Latent Variable Modeling of Audio
Abstract: In this seminar, we will describe how latent variable models can be used to analyze and process speech and audio signals. We will begin with the basics of latent variable multinomial decompositions and work our way upwards through various higher-level models that can perform matrix and tensor factorizations, extract shift-invariant features, learn time-series, perform sparse coding, and more. We will examine their interpretations and extensions as well as their relationship to other popular machine learning techniques. We will show how this field combines elements from machine learning and signal processing to produce hybrid algorithms to produce next-generation approaches to some of the most challenging problems in speech and audio processing. We will cover models that can be effectively used for a large number of applications, ranging from signal separation, signal de-noising, speech recognition, pitch tracking, de-reverberation, audio/visual object extraction, user-assisted audio selection, echo cancellation, polyphonic music transcription, missing data imputation and more.

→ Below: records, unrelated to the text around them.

lemma commutator_of_commuting:
  assumes X: "hopf_subalgebra H X" and Y: "hopf_subalgebra H Y"
    and comm: "\<forall>a\<in>X. \<forall>b\<in>Y. mul a b = mul b a" and a: "a \<in> X" and b: "b \<in> Y"
  shows "commutator a b = smul (\<epsilon> a * \<epsilon> b) \<one>"
proof -
  obtain N xs xs' where xs: "\<forall>n<N. xs n \<in> X \<and> xs' n \<in> X" "\<Delta> a = tensor_sum N xs xs'"
    using hopf_subalgebra_comult[OF X a] by (rule tspanE)
  obtain K ys ys' where ys: "\<forall>k<K. ys k \<in> Y \<and> ys' k \<in> Y" "\<Delta> b = tensor_sum K ys ys'"
    using hopf_subalgebra_comult[OF Y b] by (rule tspanE)
  have fs: "a \<in> fsvec" "b \<in> fsvec"
    "\<forall>n<N. xs n \<in> fsvec \<and> xs' n \<in> fsvec" "\<forall>k<K. ys k \<in> fsvec \<and> ys' k \<in> fsvec"
    using hopf_subalgebra_fsvec[OF X] hopf_subalgebra_fsvec[OF Y] a b xs(1) ys(1) by blast+
  have "commutator a b = vsum {..<N} (\<lambda>n. vsum {..<K} (\<lambda>k.
           mul (mul (mul (xs n) (ys k)) (S (xs' n))) (S (ys' k))))"
    using commutator_tensor_sum[OF xs(2) ys(2) fs(3,4)] .
  also have "\<dots> = vsum {..<K} (\<lambda>k. vsum {..<N} (\<lambda>n.
           mul (mul (ys k) (mul (xs n) (S (xs' n)))) (S (ys' k))))"
  proof (rule ext, subst sum.swap, intro sum.cong refl)
    fix c k n assume "k \<in> {..<K}" "n \<in> {..<N}"
    then have "mul (xs n) (ys k) = mul (ys k) (xs n)" "xs n \<in> fsvec" "ys k \<in> fsvec" "xs' n \<in> fsvec"
      using xs(1) ys(1) fs comm by blast+
    then show "mul (mul (mul (xs n) (ys k)) (S (xs' n))) (S (ys' k)) c
             = mul (mul (ys k) (mul (xs n) (S (xs' n)))) (S (ys' k)) c"
      using mul_assoc[of "ys k" "xs n" "S (xs' n)"] by (simp add: antipode_fsvec)
  qed
  also have "\<dots> = vsum {..<K} (\<lambda>k. mul (mul (ys k) (vsum {..<N} (\<lambda>n. mul (xs n) (S (xs' n)))))
           (S (ys' k)))"
    using fs by (intro ext sum.cong refl, subst linear_on_vsum[where f = "\<lambda>v. mul (mul _ v) _"])
      (auto intro!: fs_linear_intros)
  also have "\<dots> = smul (\<epsilon> a) (vsum {..<K} (\<lambda>k. mul (ys k) (S (ys' k))))"
    using fs by (simp add: antipode_right_tensor_sum[OF _ xs(2)] mul_smul_right mul_smul_left
        mul_one_right one_fsvec antipode_fsvec mul_fsvec) (simp add: smul_def sum_distrib_left)
  also have "\<dots> = smul (\<epsilon> a * \<epsilon> b) \<one>"
    using fs by (simp add: antipode_right_tensor_sum[OF _ ys(2)] smul_def mult.assoc)
  finally show ?thesis .
qed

Gautham J. Mysore is a research scientist at Adobe's Advanced Technology Labs. He received his M.A. and Ph.D. and from CCRMA in 2005 and 2010 and his M.S. in Electrical Engineering from Stanford in 2008. He has previously been a visiting researcher at the the Gatsby Computational Neuroscience Unit at the University College London. In 2010, he won the best student paper award at the LVA / ICA conference for his work on non-negative hidden Markov models. His research interests include machine learning and signal processing for various audio applications.
Paris Smaragdis is an assistant professor of computer science and electrical and computer engineering at the university of Illinois at Urbana-Champaign. Prior to that he was a senior research scientist at Adobe's Advanced Technology Labs, and a research scientist with Mitsubishi Electric Research Labs (MERL). Prof. Smaragdis obtained his Ph.D. at MIT in 2001, and was a postdoc there in 2002. In 2006 Prof. Smaragdis' research accomplishments were recognized by the MIT Tech Review, which selected him as one of the top young innovators of the year. Prof. Smaragdis' research interests are applications to machine learning for audio signal processing problems, machine listening and computation and the arts. Prof. Smaragdis is a senior member of the IEEE and a member of the MLSP-TC.